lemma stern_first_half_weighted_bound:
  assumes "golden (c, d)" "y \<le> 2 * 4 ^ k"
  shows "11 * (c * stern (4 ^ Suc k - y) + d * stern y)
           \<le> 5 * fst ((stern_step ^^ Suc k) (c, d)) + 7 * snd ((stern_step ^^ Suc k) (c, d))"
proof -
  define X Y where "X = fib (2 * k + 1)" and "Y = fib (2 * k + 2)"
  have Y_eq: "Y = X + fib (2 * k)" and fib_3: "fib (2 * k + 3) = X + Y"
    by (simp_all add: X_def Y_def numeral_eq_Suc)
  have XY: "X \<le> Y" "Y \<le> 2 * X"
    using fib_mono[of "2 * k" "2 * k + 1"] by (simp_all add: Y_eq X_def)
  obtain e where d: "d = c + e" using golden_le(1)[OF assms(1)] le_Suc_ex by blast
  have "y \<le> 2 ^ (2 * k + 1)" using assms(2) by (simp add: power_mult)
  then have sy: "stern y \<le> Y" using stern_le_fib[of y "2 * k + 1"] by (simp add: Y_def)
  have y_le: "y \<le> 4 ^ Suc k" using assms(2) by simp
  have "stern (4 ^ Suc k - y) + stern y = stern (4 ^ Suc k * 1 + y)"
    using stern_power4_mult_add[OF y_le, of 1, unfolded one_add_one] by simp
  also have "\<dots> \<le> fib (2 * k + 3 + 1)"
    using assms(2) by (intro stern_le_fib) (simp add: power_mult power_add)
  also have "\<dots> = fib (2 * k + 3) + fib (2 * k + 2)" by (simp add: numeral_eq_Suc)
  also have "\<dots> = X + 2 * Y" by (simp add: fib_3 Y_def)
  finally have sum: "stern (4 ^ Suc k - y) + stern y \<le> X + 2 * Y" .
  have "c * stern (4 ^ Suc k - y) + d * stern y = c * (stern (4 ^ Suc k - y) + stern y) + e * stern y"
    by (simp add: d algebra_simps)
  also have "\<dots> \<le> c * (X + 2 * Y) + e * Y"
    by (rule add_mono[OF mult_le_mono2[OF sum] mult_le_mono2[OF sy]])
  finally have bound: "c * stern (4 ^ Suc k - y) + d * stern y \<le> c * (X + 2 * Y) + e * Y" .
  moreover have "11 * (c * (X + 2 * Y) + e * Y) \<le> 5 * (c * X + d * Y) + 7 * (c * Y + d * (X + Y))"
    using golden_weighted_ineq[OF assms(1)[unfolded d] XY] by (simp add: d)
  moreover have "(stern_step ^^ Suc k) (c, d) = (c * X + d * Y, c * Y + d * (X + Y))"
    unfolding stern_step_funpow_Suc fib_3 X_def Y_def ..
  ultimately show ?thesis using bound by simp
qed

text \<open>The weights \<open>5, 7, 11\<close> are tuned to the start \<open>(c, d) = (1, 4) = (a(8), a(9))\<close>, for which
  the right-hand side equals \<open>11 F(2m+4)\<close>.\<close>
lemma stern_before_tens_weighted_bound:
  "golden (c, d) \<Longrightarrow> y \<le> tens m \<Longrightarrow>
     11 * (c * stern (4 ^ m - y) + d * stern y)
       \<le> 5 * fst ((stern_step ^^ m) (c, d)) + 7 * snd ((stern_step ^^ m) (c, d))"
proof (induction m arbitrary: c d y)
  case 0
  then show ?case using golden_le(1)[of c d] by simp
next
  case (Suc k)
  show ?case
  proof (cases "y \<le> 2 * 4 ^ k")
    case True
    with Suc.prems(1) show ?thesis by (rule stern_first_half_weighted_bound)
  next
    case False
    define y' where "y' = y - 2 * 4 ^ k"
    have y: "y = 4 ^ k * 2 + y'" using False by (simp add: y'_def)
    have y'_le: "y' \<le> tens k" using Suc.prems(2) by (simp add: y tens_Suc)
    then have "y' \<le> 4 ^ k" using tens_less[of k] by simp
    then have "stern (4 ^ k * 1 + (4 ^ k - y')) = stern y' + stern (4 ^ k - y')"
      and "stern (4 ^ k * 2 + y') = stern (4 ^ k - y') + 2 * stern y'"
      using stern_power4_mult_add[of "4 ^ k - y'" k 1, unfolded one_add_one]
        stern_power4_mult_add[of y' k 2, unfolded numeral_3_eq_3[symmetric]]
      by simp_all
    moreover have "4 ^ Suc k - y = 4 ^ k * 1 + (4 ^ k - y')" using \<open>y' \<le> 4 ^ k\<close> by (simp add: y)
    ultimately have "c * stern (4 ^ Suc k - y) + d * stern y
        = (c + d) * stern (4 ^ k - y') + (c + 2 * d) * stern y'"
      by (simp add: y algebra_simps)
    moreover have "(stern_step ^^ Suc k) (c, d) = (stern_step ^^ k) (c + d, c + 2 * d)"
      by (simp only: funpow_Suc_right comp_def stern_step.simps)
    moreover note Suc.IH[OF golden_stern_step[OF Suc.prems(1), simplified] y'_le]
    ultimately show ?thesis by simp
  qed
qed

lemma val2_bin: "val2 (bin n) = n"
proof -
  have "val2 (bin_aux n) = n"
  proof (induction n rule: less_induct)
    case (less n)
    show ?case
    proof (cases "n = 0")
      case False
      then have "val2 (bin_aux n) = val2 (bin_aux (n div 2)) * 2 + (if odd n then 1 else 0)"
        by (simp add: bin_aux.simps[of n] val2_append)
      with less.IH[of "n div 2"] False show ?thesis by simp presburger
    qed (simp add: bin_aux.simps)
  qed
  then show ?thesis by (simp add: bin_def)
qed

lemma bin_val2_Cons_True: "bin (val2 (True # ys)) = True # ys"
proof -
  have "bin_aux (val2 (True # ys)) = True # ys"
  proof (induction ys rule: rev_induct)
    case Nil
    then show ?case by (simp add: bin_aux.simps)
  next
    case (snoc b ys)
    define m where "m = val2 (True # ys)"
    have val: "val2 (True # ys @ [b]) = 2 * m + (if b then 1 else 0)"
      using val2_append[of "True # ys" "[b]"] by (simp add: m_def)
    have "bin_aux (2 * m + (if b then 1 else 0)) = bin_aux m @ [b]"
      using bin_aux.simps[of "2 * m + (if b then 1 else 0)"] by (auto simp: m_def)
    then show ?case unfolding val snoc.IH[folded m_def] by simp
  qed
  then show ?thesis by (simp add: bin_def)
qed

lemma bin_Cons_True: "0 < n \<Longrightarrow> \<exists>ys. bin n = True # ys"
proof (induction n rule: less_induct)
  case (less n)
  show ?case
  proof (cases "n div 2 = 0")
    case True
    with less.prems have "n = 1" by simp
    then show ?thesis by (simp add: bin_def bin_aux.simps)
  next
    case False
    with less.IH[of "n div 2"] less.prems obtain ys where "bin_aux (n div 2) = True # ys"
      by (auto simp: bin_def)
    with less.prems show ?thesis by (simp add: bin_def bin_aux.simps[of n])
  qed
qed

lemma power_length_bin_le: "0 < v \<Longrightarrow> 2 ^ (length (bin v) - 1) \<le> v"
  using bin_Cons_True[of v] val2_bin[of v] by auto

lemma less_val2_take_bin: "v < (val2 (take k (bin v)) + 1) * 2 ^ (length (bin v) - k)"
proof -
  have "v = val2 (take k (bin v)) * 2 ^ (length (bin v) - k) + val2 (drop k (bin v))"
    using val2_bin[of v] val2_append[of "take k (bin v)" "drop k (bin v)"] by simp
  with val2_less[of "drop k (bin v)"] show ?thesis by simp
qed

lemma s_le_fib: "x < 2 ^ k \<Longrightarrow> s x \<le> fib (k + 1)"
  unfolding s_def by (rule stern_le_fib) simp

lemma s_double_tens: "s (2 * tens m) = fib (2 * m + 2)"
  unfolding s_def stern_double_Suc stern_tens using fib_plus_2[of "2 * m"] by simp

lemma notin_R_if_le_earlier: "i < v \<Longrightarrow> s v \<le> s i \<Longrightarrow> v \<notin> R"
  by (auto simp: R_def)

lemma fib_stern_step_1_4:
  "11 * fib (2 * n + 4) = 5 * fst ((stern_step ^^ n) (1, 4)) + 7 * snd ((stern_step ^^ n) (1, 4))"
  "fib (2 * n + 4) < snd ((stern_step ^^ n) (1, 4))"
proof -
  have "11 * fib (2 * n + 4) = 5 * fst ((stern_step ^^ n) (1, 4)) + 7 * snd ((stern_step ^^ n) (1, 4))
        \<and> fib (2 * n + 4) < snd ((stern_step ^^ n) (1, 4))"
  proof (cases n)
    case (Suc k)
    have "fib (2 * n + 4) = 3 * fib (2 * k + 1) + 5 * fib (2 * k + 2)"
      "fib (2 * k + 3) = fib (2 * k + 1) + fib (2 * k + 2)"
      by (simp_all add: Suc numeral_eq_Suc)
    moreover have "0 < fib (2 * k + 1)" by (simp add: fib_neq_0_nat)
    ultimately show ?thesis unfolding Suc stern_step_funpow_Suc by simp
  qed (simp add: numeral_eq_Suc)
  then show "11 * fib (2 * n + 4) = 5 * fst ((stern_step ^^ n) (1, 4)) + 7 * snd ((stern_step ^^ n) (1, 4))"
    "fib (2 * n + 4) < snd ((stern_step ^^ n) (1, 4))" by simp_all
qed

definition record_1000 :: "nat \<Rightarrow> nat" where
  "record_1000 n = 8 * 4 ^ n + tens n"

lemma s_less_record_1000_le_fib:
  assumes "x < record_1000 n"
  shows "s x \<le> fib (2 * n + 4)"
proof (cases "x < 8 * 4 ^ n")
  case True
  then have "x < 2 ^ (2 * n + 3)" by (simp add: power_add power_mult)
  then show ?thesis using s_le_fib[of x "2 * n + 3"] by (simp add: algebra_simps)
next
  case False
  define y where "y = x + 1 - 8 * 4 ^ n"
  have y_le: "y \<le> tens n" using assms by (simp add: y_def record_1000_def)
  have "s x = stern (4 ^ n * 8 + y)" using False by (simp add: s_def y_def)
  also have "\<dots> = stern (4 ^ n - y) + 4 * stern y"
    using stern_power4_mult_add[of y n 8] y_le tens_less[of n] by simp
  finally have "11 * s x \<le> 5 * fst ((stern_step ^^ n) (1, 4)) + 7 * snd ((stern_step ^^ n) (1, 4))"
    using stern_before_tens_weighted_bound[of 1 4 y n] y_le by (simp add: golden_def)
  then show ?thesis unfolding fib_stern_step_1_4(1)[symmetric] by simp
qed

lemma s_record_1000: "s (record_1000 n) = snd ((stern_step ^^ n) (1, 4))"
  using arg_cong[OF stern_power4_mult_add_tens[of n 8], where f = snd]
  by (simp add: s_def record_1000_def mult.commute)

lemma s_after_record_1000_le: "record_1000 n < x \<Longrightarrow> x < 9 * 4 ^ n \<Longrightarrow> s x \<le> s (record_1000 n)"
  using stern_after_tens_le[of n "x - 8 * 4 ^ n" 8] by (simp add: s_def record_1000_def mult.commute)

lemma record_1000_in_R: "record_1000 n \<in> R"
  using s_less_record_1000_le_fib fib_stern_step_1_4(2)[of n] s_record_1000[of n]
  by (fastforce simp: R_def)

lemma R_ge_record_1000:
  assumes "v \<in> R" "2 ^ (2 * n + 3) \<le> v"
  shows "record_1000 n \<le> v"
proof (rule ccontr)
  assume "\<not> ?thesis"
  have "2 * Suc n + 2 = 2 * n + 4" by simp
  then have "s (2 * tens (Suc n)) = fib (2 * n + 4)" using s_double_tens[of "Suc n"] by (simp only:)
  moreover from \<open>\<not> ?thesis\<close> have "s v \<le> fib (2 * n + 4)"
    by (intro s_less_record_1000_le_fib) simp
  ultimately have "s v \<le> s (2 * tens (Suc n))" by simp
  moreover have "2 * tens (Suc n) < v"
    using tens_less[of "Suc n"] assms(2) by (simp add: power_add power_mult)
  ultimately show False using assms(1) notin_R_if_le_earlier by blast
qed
----------
Problem to work on – The lines you need are those containing "length"; find them in the records and copy them.

Answer for the task –
lemma power_length_bin_le: "0 < v \<Longrightarrow> 2 ^ (length (bin v) - 1) \<le> v"
lemma less_val2_take_bin: "v < (val2 (take k (bin v)) + 1) * 2 ^ (length (bin v) - k)"
  have "v = val2 (take k (bin v)) * 2 ^ (length (bin v) - k) + val2 (drop k (bin v))"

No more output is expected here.